▶ _Work to be completed_: Write the entries below again, precisely as they appear.

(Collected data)

(* Let $d\in\mathbb{N}$. For every $r\in\mathcal{R}$, $$\mathrm{WA}(r)=\pi(\Pi_r)\qquad\text{and hence}\qquad \mathrm{Bad}(r)=\mathbb{R}^d\setminus\pi(\Pi_r).$$
   Context: For $t\in\mathbb{R}$, $\|t\|$ is the distance from $t$ to $\mathbb{Z}$. Write $\mathbb{N}=\{1,2,\dots\}$. $\mathcal{R}=\{r\in\mathbb{R}^d: r_i\ge0,\ \sum_i r_i=1\}$. For $r\in\mathcal{R}$ and $x=(x_i)\in\mathbb{R}^d$, set $$\|x\|_r=\Big(\max_{1\le i\le d}\|x_i\|^{1/r_i}\Big)^{1/d}.$$ $\mathrm{Bad}(r)=\{x\in\mathbb{R}^d:\inf_{n\in\mathbb{N}}n\|nx\|_r^d>0\}$ and $\mathrm{WA}(r)=\mathbb{R}^d\setminus\mathrm{Bad}(r)$. $\mathcal{D}$ is the set of all non-increasing $\psi:\mathbb{N}\to\mathbb{R}_{\ge0}$ with $\sum_n\psi(n)^d=\infty$. For $\psi:\mathbb{N}\to\mathbb{R}_{\ge0}$, $W(r,\psi)$ is the set of $(x,y)\in\mathbb{R}^d\times\mathbb{R}^d$ such that $\|nx+y\|_r<\psi(n)$ for infinitely many $n\in\mathbb{N}$. Then $\Pi_r=\bigcap_{\psi\in\mathcal{D}}W(r,\psi)$. $\pi(x,y)=x$ is the projection onto the first factor. *)

theory Defs
  imports "HOL-Analysis.Analysis"
begin

definition distZ :: "real \<Rightarrow> real" where
  "distZ t = infdist t \<int>"

definition weights :: "(real ^ 'd) set" where
  "weights = {r. (\<forall>i. r $ i \<ge> 0) \<and> (\<Sum>i\<in>UNIV. r $ i) = 1}"

text \<open>\<open>\<parallel>t\<parallel>^(1/r_i)\<close>, with the convention that the value is 0 when r_i = 0
  (the limit of \<open>s^(1/\<rho>)\<close> as \<open>\<rho>\<rightarrow>0+\<close> for \<open>0 \<le> s \<le> 1/2\<close>).\<close>
definition rpow_comp :: "real \<Rightarrow> real \<Rightarrow> real" where
  "rpow_comp t \<rho> = (if \<rho> = 0 then 0 else distZ t powr (1 / \<rho>))"

definition rnorm :: "real ^ 'd \<Rightarrow> real ^ 'd \<Rightarrow> real" where
  "rnorm r x = (Max (range (\<lambda>i. rpow_comp (x $ i) (r $ i)))) powr (1 / real CARD('d))"

definition Bad :: "real ^ 'd \<Rightarrow> (real ^ 'd) set" where
  "Bad r = {x. (INF n\<in>{1::nat..}. real n * (rnorm r (real n *\<^sub>R x)) ^ CARD('d)) > 0}"

definition WA :: "real ^ 'd \<Rightarrow> (real ^ 'd) set" where
  "WA r = UNIV - Bad r"

text \<open>Non-increasing functions \<open>\<nat> \<rightarrow> \<real>\<^sub>\<ge>\<^sub>0\<close> with divergent \<open>\<Sum> \<psi>(n)^d\<close>; the value at 0 is irrelevant.\<close>
definition Dfun :: "'d itself \<Rightarrow> (nat \<Rightarrow> real) set" where
  "Dfun _ = {\<psi>. (\<forall>n\<ge>1. \<psi> n \<ge> 0) \<and> (\<forall>m n. 1 \<le> m \<and> m \<le> n \<longrightarrow> \<psi> n \<le> \<psi> m)
               \<and> \<not> summable (\<lambda>n. \<psi> (n + 1) ^ CARD('d))}"

definition Wset :: "real ^ 'd \<Rightarrow> (nat \<Rightarrow> real) \<Rightarrow> ((real ^ 'd) \<times> (real ^ 'd)) set" where
  "Wset r \<psi> = {(x, y). infinite {n::nat. n \<ge> 1 \<and> rnorm r (real n *\<^sub>R x + y) < \<psi> n}}"

definition PiSet :: "real ^ 'd \<Rightarrow> ((real ^ 'd) \<times> (real ^ 'd)) set" where
  "PiSet r = (\<Inter>\<psi>\<in>Dfun TYPE('d). Wset r \<psi>)"

end

theory Submission
  imports Defs
begin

▶ _Your response_:
(* Let $d\in\mathbb{N}$. For every $r\in\mathcal{R}$, $$\mathrm{WA}(r)=\pi(\Pi_r)\qquad\text{and hence}\qquad \mathrm{Bad}(r)=\mathbb{R}^d\setminus\pi(\Pi_r).$$
   Context: For $t\in\mathbb{R}$, $\|t\|$ is the distance from $t$ to $\mathbb{Z}$. Write $\mathbb{N}=\{1,2,\dots\}$. $\mathcal{R}=\{r\in\mathbb{R}^d: r_i\ge0,\ \sum_i r_i=1\}$. For $r\in\mathcal{R}$ and $x=(x_i)\in\mathbb{R}^d$, set $$\|x\|_r=\Big(\max_{1\le i\le d}\|x_i\|^{1/r_i}\Big)^{1/d}.$$ $\mathrm{Bad}(r)=\{x\in\mathbb{R}^d:\inf_{n\in\mathbb{N}}n\|nx\|_r^d>0\}$ and $\mathrm{WA}(r)=\mathbb{R}^d\setminus\mathrm{Bad}(r)$. $\mathcal{D}$ is the set of all non-increasing $\psi:\mathbb{N}\to\mathbb{R}_{\ge0}$ with $\sum_n\psi(n)^d=\infty$. For $\psi:\mathbb{N}\to\mathbb{R}_{\ge0}$, $W(r,\psi)$ is the set of $(x,y)\in\mathbb{R}^d\times\mathbb{R}^d$ such that $\|nx+y\|_r<\psi(n)$ for infinitely many $n\in\mathbb{N}$. Then $\Pi_r=\bigcap_{\psi\in\mathcal{D}}W(r,\psi)$. $\pi(x,y)=x$ is the projection onto the first factor. *)

theory Defs
  imports "HOL-Analysis.Analysis"
begin

definition distZ :: "real \<Rightarrow> real" where
  "distZ t = infdist t \<int>"

definition weights :: "(real ^ 'd) set" where
  "weights = {r. (\<forall>i. r $ i \<ge> 0) \<and> (\<Sum>i\<in>UNIV. r $ i) = 1}"

text \<open>\<open>\<parallel>t\<parallel>^(1/r_i)\<close>, with the convention that the value is 0 when r_i = 0
  (the limit of \<open>s^(1/\<rho>)\<close> as \<open>\<rho>\<rightarrow>0+\<close> for \<open>0 \<le> s \<le> 1/2\<close>).\<close>
definition rpow_comp :: "real \<Rightarrow> real \<Rightarrow> real" where
  "rpow_comp t \<rho> = (if \<rho> = 0 then 0 else distZ t powr (1 / \<rho>))"

definition rnorm :: "real ^ 'd \<Rightarrow> real ^ 'd \<Rightarrow> real" where
  "rnorm r x = (Max (range (\<lambda>i. rpow_comp (x $ i) (r $ i)))) powr (1 / real CARD('d))"

definition Bad :: "real ^ 'd \<Rightarrow> (real ^ 'd) set" where
  "Bad r = {x. (INF n\<in>{1::nat..}. real n * (rnorm r (real n *\<^sub>R x)) ^ CARD('d)) > 0}"

definition WA :: "real ^ 'd \<Rightarrow> (real ^ 'd) set" where
  "WA r = UNIV - Bad r"

text \<open>Non-increasing functions \<open>\<nat> \<rightarrow> \<real>\<^sub>\<ge>\<^sub>0\<close> with divergent \<open>\<Sum> \<psi>(n)^d\<close>; the value at 0 is irrelevant.\<close>
definition Dfun :: "'d itself \<Rightarrow> (nat \<Rightarrow> real) set" where
  "Dfun _ = {\<psi>. (\<forall>n\<ge>1. \<psi> n \<ge> 0) \<and> (\<forall>m n. 1 \<le> m \<and> m \<le> n \<longrightarrow> \<psi> n \<le> \<psi> m)
               \<and> \<not> summable (\<lambda>n. \<psi> (n + 1) ^ CARD('d))}"

definition Wset :: "real ^ 'd \<Rightarrow> (nat \<Rightarrow> real) \<Rightarrow> ((real ^ 'd) \<times> (real ^ 'd)) set" where
  "Wset r \<psi> = {(x, y). infinite {n::nat. n \<ge> 1 \<and> rnorm r (real n *\<^sub>R x + y) < \<psi> n}}"

definition PiSet :: "real ^ 'd \<Rightarrow> ((real ^ 'd) \<times> (real ^ 'd)) set" where
  "PiSet r = (\<Inter>\<psi>\<in>Dfun TYPE('d). Wset r \<psi>)"

end

theory Submission
  imports Defs
begin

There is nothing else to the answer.